Et le dirigeant allemand de citer en exemple la technologie stop-light online (les feux de circulation connectés). Ce système permet à un véhicule Audi de calculer la vitesse optimale pour circuler sans s’arrêter : « Si tous les feux de circulation d’Allemagne étaient connectés, nous pourrions réduire la consommation de carburant de 900 millions de litres par an, soit un réduction des émissions de CO2 de plus de 2 millions de tonnes ».

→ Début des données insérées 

lemma scaleR_combination_eq_0_not_collinear:
  fixes x y :: "'a::real_vector"
  assumes "x \<noteq> 0" and "\<And>t. y \<noteq> t *\<^sub>R x" and "\<alpha> *\<^sub>R y + \<beta> *\<^sub>R x = 0"
  shows "\<alpha> = 0" "\<beta> = 0"
proof -
  show \<alpha>: "\<alpha> = 0"
  proof (rule ccontr)
    assume "\<alpha> \<noteq> 0"
    have "\<alpha> *\<^sub>R y = - \<beta> *\<^sub>R x" using assms(3) by (simp add: eq_neg_iff_add_eq_0)
    have "y = (1 / \<alpha>) *\<^sub>R (\<alpha> *\<^sub>R y)" using \<open>\<alpha> \<noteq> 0\<close> by simp
    also have "\<dots> = (- \<beta> / \<alpha>) *\<^sub>R x" using \<open>\<alpha> *\<^sub>R y = - \<beta> *\<^sub>R x\<close> by simp
    finally show False using assms(2) by blast
  qed
  then show "\<beta> = 0" using assms(1,3) by simp
qed

lemma exists_not_collinear_if_bracket_nonzero:
  fixes br :: "'a::real_vector \<Rightarrow> 'a \<Rightarrow> 'b::real_vector" and x :: 'a
  assumes bl: "bilinear br" and alt: "\<And>x. br x x = 0" and nz: "br x0 y0 \<noteq> 0"
  shows "\<exists>z. \<forall>t. z \<noteq> t *\<^sub>R x"
proof (rule ccontr)
  assume "\<nexists>z. \<forall>t. z \<noteq> t *\<^sub>R x"
  then obtain a b where "x0 = a *\<^sub>R x" "y0 = b *\<^sub>R x" by blast
  then have "br x0 y0 = (a * b) *\<^sub>R br x x" using bilinear_lmul[OF bl] bilinear_rmul[OF bl] by simp
  then show False using nz alt by simp
qed

lemma bracket_eq_if_not_collinear:
  assumes bl: "bilinear br" and alt: "\<And>x. br x x = 0"
    and C: "\<And>x y. x \<noteq> 0 \<Longrightarrow> \<exists>m. br x y = C x *\<^sub>R y + m *\<^sub>R x"
    and x: "x \<noteq> 0" and xy: "\<And>t. y \<noteq> t *\<^sub>R x"
  shows "br x y = C x *\<^sub>R y - C y *\<^sub>R x"
proof -
  have y: "y \<noteq> 0" using xy[of 0] by simp
  obtain m where m: "br x y = C x *\<^sub>R y + m *\<^sub>R x" using C x by blast
  obtain m' where m': "br y x = C y *\<^sub>R x + m' *\<^sub>R y" using C y by blast
  have "br x y + br y x = 0" using bilinear_alternating_antisym[OF bl alt, of x y] by simp
  then have "(C x + m') *\<^sub>R y + (m + C y) *\<^sub>R x = 0"
    unfolding m m' by (simp add: algebra_simps)
  then have "m + C y = 0" by (rule scaleR_combination_eq_0_not_collinear(2)[OF x xy])
  then show ?thesis using m by (simp add: eq_neg_iff_add_eq_0 flip: scaleR_left_distrib)
qed

lemma linear_if_bracket_eq:
  assumes bl: "bilinear br" and br: "\<And>x y. br x y = l x *\<^sub>R y - l y *\<^sub>R x"
    and nz: "br x0 y0 \<noteq> 0"
  shows "linear l"
proof (rule linearI)
  have x0: "x0 \<noteq> 0" using nz bilinear_lzero[OF bl] by auto
  fix u v c
  have "(l (u + v) - l u - l v) *\<^sub>R x0 = 0"
    using bilinear_ladd[OF bl, of u v x0] unfolding br by (simp add: algebra_simps)
  then show "l (u + v) = l u + l v" using x0 by simp
  have "(l (c *\<^sub>R u) - c * l u) *\<^sub>R x0 = 0"
    using bilinear_lmul[OF bl, of c u x0] unfolding br by (simp add: algebra_simps)
  then show "l (c *\<^sub>R u) = c *\<^sub>R l u" using x0 by simp
qed

lemma class_C_bracket_form:
  fixes br :: "'a::euclidean_space \<Rightarrow> 'a \<Rightarrow> 'a"
  assumes bl: "bilinear br" and alt: "\<And>x. br x x = 0" and C: "class_C br"
  obtains l where "linear l" and "\<And>x y. br x y = l x *\<^sub>R y - l y *\<^sub>R x"
proof -
  obtain x0 y0 where nz: "br x0 y0 \<noteq> 0" using C unfolding class_C_def by blast
  have "\<forall>x. \<exists>c. x \<noteq> 0 \<longrightarrow> (\<forall>y. \<exists>m. br x y = c *\<^sub>R y + m *\<^sub>R x)"
    using bracket_scalar_modulo_line[OF bl alt] C unfolding class_C_def by blast
  then obtain c where c: "\<And>x y. x \<noteq> 0 \<Longrightarrow> \<exists>m. br x y = c x *\<^sub>R y + m *\<^sub>R x" by metis
  have not_collinear: "br x y = c x *\<^sub>R y - c y *\<^sub>R x" if "x \<noteq> 0" "\<And>t. y \<noteq> t *\<^sub>R x" for x y
    by (rule bracket_eq_if_not_collinear[OF bl alt]) (use c that in auto)
  have nonzero: "br x y = c x *\<^sub>R y - c y *\<^sub>R x" if x: "x \<noteq> 0" and y: "y \<noteq> 0" for x y
  proof (cases "\<forall>t. y \<noteq> t *\<^sub>R x")
    case True
    then show ?thesis using not_collinear x by blast
  next
    case False
    then obtain t where t: "y = t *\<^sub>R x" by blast
    obtain z where z: "\<And>s. z \<noteq> s *\<^sub>R x" using exists_not_collinear_if_bracket_nonzero[OF bl alt nz] by blast
    have zy: "z \<noteq> s *\<^sub>R y" for s using z[of "s * t"] t by simp
    have "c y *\<^sub>R z - c z *\<^sub>R y = t *\<^sub>R (c x *\<^sub>R z - c z *\<^sub>R x)"
      using bilinear_lmul[OF bl, of t x z] not_collinear[OF y zy] not_collinear[OF x z] t by simp
    then have "(c y - t * c x) *\<^sub>R z = 0" using t by (simp add: algebra_simps)
    moreover have "z \<noteq> 0" using z[of 0] by simp
    ultimately have "c y = t * c x" by simp
    moreover have "br x y = 0" using t bilinear_rmul[OF bl] alt by simp
    ultimately show ?thesis using t by simp
  qed
  define l where "l x = (if x = 0 then 0 else c x)" for x
  have br: "br x y = l x *\<^sub>R y - l y *\<^sub>R x" for x y
    using nonzero[of x y] bilinear_lzero[OF bl] bilinear_rzero[OF bl] unfolding l_def by auto
  show thesis using that linear_if_bracket_eq[OF bl br nz] br by blast
qed

lemma pseudo_inner_represents_linear:
  fixes g :: "'a::euclidean_space \<Rightarrow> 'a \<Rightarrow> real"
  assumes g: "pseudo_inner g" and l: "linear l"
  obtains a where "\<And>v. g a v = l v"
proof -
  have bl: "bilinear g" and nd: "\<And>u. (\<forall>v. g u v = 0) \<Longrightarrow> u = 0"
    using g unfolding pseudo_inner_def by auto
  define G where "G u = adjoint (g u) (1::real)" for u
  have G: "g u v = v \<bullet> G u" for u v
    using bl adjoint_works[of "g u" v 1] unfolding G_def bilinear_def by simp
  have linG: "linear G"
  proof (rule linearI)
    fix x y c
    show "G (x + y) = G x + G y"
      by (rule vector_eq_ldot[THEN iffD1]) (metis G bilinear_ladd[OF bl] inner_add_right)
    show "G (c *\<^sub>R x) = c *\<^sub>R G x"
      by (rule vector_eq_ldot[THEN iffD1]) (metis G bilinear_lmul[OF bl] inner_scaleR_right real_scaleR_def)
  qed
  have "inj G"
  proof (rule injI)
    fix x y assume "G x = G y"
    then have "\<forall>v. g (x - y) v = 0" using G bilinear_lsub[OF bl] by simp
    then show "x = y" using nd by fastforce
  qed
  then have "surj G" using linear_injective_imp_surjective linG by blast
  obtain w where w: "l v = v \<bullet> w" for v
    using adjoint_works[OF l, of _ 1] by (metis mult.right_neutral inner_real_def)
  obtain a where "G a = w" using \<open>surj G\<close> by (metis surjD)
  then show thesis using that G w by metis
qed

text \<open>The difference \<open>D\<close> of two such connections is symmetric, while \<open>g (D x y) z\<close> is
  skew in \<open>y, z\<close>; alternating the two symmetries six times changes its sign.\<close>

lemma levi_civita_unique:
  assumes g: "pseudo_inner g" and n1: "levi_civita g br n1" and n2: "levi_civita g br n2"
  shows "n1 = n2"
proof -
  have bl: "bilinear g" and sym: "\<And>u v. g u v = g v u" and nd: "\<And>u. (\<forall>v. g u v = 0) \<Longrightarrow> u = 0"
    using g unfolding pseudo_inner_def by auto
  define D where "D x y = n1 x y - n2 x y" for x y
  have D_sym: "D x y = D y x" for x y
  proof -
    have "n1 x y - n1 y x = n2 x y - n2 y x" using n1 n2 unfolding levi_civita_def by simp
    moreover have "D x y - D y x = (n1 x y - n1 y x) - (n2 x y - n2 y x)"
      unfolding D_def by (simp add: algebra_simps)
    ultimately show ?thesis by simp
  qed
  have D_skew: "g (D x y) z = - g (D x z) y" for x y z
  proof -
    have "g (n1 x y) z + g y (n1 x z) = 0" "g (n2 x y) z + g y (n2 x z) = 0"
      using n1 n2 unfolding levi_civita_def by blast+
    then show ?thesis
      unfolding D_def bilinear_lsub[OF bl] using sym[of y] by (simp add: algebra_simps)
  qed
  have "g (D x y) z = 0" for x y z
  proof -
    have "g (D x y) z = - g (D z x) y" using D_skew[of x y z] D_sym[of x z] by simp
    also have "\<dots> = g (D z y) x" using D_skew[of z x y] by simp
    also have "\<dots> = - g (D y x) z" using D_skew[of y z x] D_sym[of y z] by simp
    finally show ?thesis using D_sym by simp
  qed
  then have "D x y = 0" for x y using nd by blast
  then show ?thesis unfolding D_def by (auto simp: fun_eq_iff)
qed

locale class_C_metric =
  fixes br :: "'a::euclidean_space \<Rightarrow> 'a \<Rightarrow> 'a" and l :: "'a \<Rightarrow> real"
    and g :: "'a \<Rightarrow> 'a \<Rightarrow> real" and a :: 'a
  assumes linear_l: "linear l"
    and bracket: "br x y = l x *\<^sub>R y - l y *\<^sub>R x"
    and nonabelian: "\<exists>x y. br x y \<noteq> 0"
    and pseudo_inner: "pseudo_inner g"
    and dual: "g a v = l v"
begin

lemma g_bilinear: "bilinear g" and g_sym: "g u v = g v u"
  and g_nondegenerate: "(\<And>v. g u v = 0) \<Longrightarrow> u = 0"
  using pseudo_inner unfolding pseudo_inner_def by blast+

lemma dual_right: "g v a = l v"
  using dual g_sym by metis

lemma l_diff [simp]: "l (v - w) = l v - l w"
  and l_scaleR [simp]: "l (c *\<^sub>R v) = c * l v"
  using linear_diff[OF linear_l] linear_scale[OF linear_l] by simp_all

lemma g_diff_left [simp]: "g (v - w) u = g v u - g w u"
  and g_diff_right [simp]: "g u (v - w) = g u v - g u w"
  and g_scaleR_left [simp]: "g (c *\<^sub>R v) u = c * g v u"
  and g_scaleR_right [simp]: "g u (c *\<^sub>R v) = c * g u v"
  using g_bilinear by (simp_all add: bilinear_lsub bilinear_rsub bilinear_lmul bilinear_rmul)

lemma l_bracket: "l (br x y) = 0"
  unfolding bracket by simp

lemma exists_l_eq_1:
  obtains e where "l e = 1"
proof -
  obtain x y where "br x y \<noteq> 0" using nonabelian by blast
  then have "l x \<noteq> 0 \<or> l y \<noteq> 0" unfolding bracket by auto
  then obtain u where "l u \<noteq> 0" by blast
  then have "l ((1 / l u) *\<^sub>R u) = 1" using linear_scale[OF linear_l] by simp
  then show thesis by (rule that)
qed

lemma derived_ideal_eq_kernel: "derived_ideal br = {v. l v = 0}"
proof
  show "derived_ideal br \<subseteq> {v. l v = 0}" unfolding derived_ideal_def
    by (rule span_minimal)
      (auto simp: l_bracket subspace_def linear_0[OF linear_l] linear_add[OF linear_l] linear_scale[OF linear_l])
  obtain e where e: "l e = 1" by (rule exists_l_eq_1)
  show "{v. l v = 0} \<subseteq> derived_ideal br"
  proof
    fix v assume "v \<in> {v. l v = 0}"
    then have "v = br e v" unfolding bracket using e by simp
    then show "v \<in> derived_ideal br" unfolding derived_ideal_def by (metis (mono_tags) mem_Collect_eq span_base)
  qed
qed

text \<open>A vector \<open>u\<close> of the hyperplane \<open>ker l\<close> orthogonal to \<open>ker l\<close> has \<open>g u\<close> proportional
  to \<open>l = g a\<close>, so by nondegeneracy \<open>u\<close> is a nonzero multiple of \<open>a\<close>.\<close>

lemma degenerate_on_kernel_iff: "degenerate_on g {v. l v = 0} \<longleftrightarrow> g a a = 0"
proof
  obtain e where e: "l e = 1" by (rule exists_l_eq_1)
  assume "degenerate_on g {v. l v = 0}"
  then obtain u where u: "l u = 0" "u \<noteq> 0" and orth: "\<And>v. l v = 0 \<Longrightarrow> g u v = 0"
    unfolding degenerate_on_def by blast
  define k where "k = g u e"
  have gu: "g u v = k * l v" for v
    using orth[of "v - l v *\<^sub>R e"] e unfolding k_def by simp
  have "k \<noteq> 0" using g_nondegenerate u gu by fastforce
  have "g (u - k *\<^sub>R a) v = 0" for v using gu dual by simp
  then have "u = k *\<^sub>R a" using g_nondegenerate by fastforce
  then have "k * l a = 0" using u linear_scale[OF linear_l] by simp
  then show "g a a = 0" using \<open>k \<noteq> 0\<close> dual by simp
next
  obtain e where e: "l e = 1" by (rule exists_l_eq_1)
  then have "a \<noteq> 0" using dual[of e] bilinear_lzero[OF g_bilinear] by auto
  moreover assume "g a a = 0"
  ultimately show "degenerate_on g {v. l v = 0}"
    unfolding degenerate_on_def using dual by auto
qed

definition connection :: "'a \<Rightarrow> 'a \<Rightarrow> 'a" where
  "connection x y = g x y *\<^sub>R a - l y *\<^sub>R x"

lemma levi_civita_connection: "levi_civita g br connection"
  unfolding levi_civita_def
proof (intro conjI allI)
  show "bilinear connection" unfolding bilinear_def connection_def
  proof (intro conjI allI)
    fix x show "linear (\<lambda>y. g x y *\<^sub>R a - l y *\<^sub>R x)"
      by (rule linearI) (simp_all add: bilinear_radd[OF g_bilinear] bilinear_rmul[OF g_bilinear]
          linear_add[OF linear_l] linear_scale[OF linear_l] algebra_simps)
  next
    fix y show "linear (\<lambda>x. g x y *\<^sub>R a - l y *\<^sub>R x)"
      by (rule linearI) (simp_all add: bilinear_ladd[OF g_bilinear] bilinear_lmul[OF g_bilinear] algebra_simps)
  qed
next
  fix x y z
  show "connection x y - connection y x = br x y"
    unfolding connection_def bracket by (simp add: g_sym[of y x] algebra_simps)
  show "g (connection x y) z + g y (connection x z) = 0"
    unfolding connection_def using dual dual_right g_sym[of y x] g_sym[of x z] by (simp add: algebra_simps)
qed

Avec son piloted parking, qui permet aux conducteurs de garer son véhicule sans se trouver à l’intérieur de celui-ci, Audi permet aussi de gagner de la place en ville : « L’espace requis dans le parking est réduit d’un tiers, puisque il n’est plus nécessaire de laisser un espace pour que le conducteur entre et sorte de la voiture. Ainsi, les villes gagneront de la place, notamment pour le stationnement ».

Pour Rupert Stadler, définir le rôle de la mobilité intelligente dans la société moderne est un challenge très intéressant. « Nous avons besoin de nous accorder sur la manière dont nous voulons utiliser la technologie pour plus de sécurité, d’efficience, de durabilité et une meilleure qualité de vie ».

Une vision partagée par un nombre croissant d’acteurs de l’automobile. Mais aussi par tous ceux qui contribuent à l’avènement des smart cities.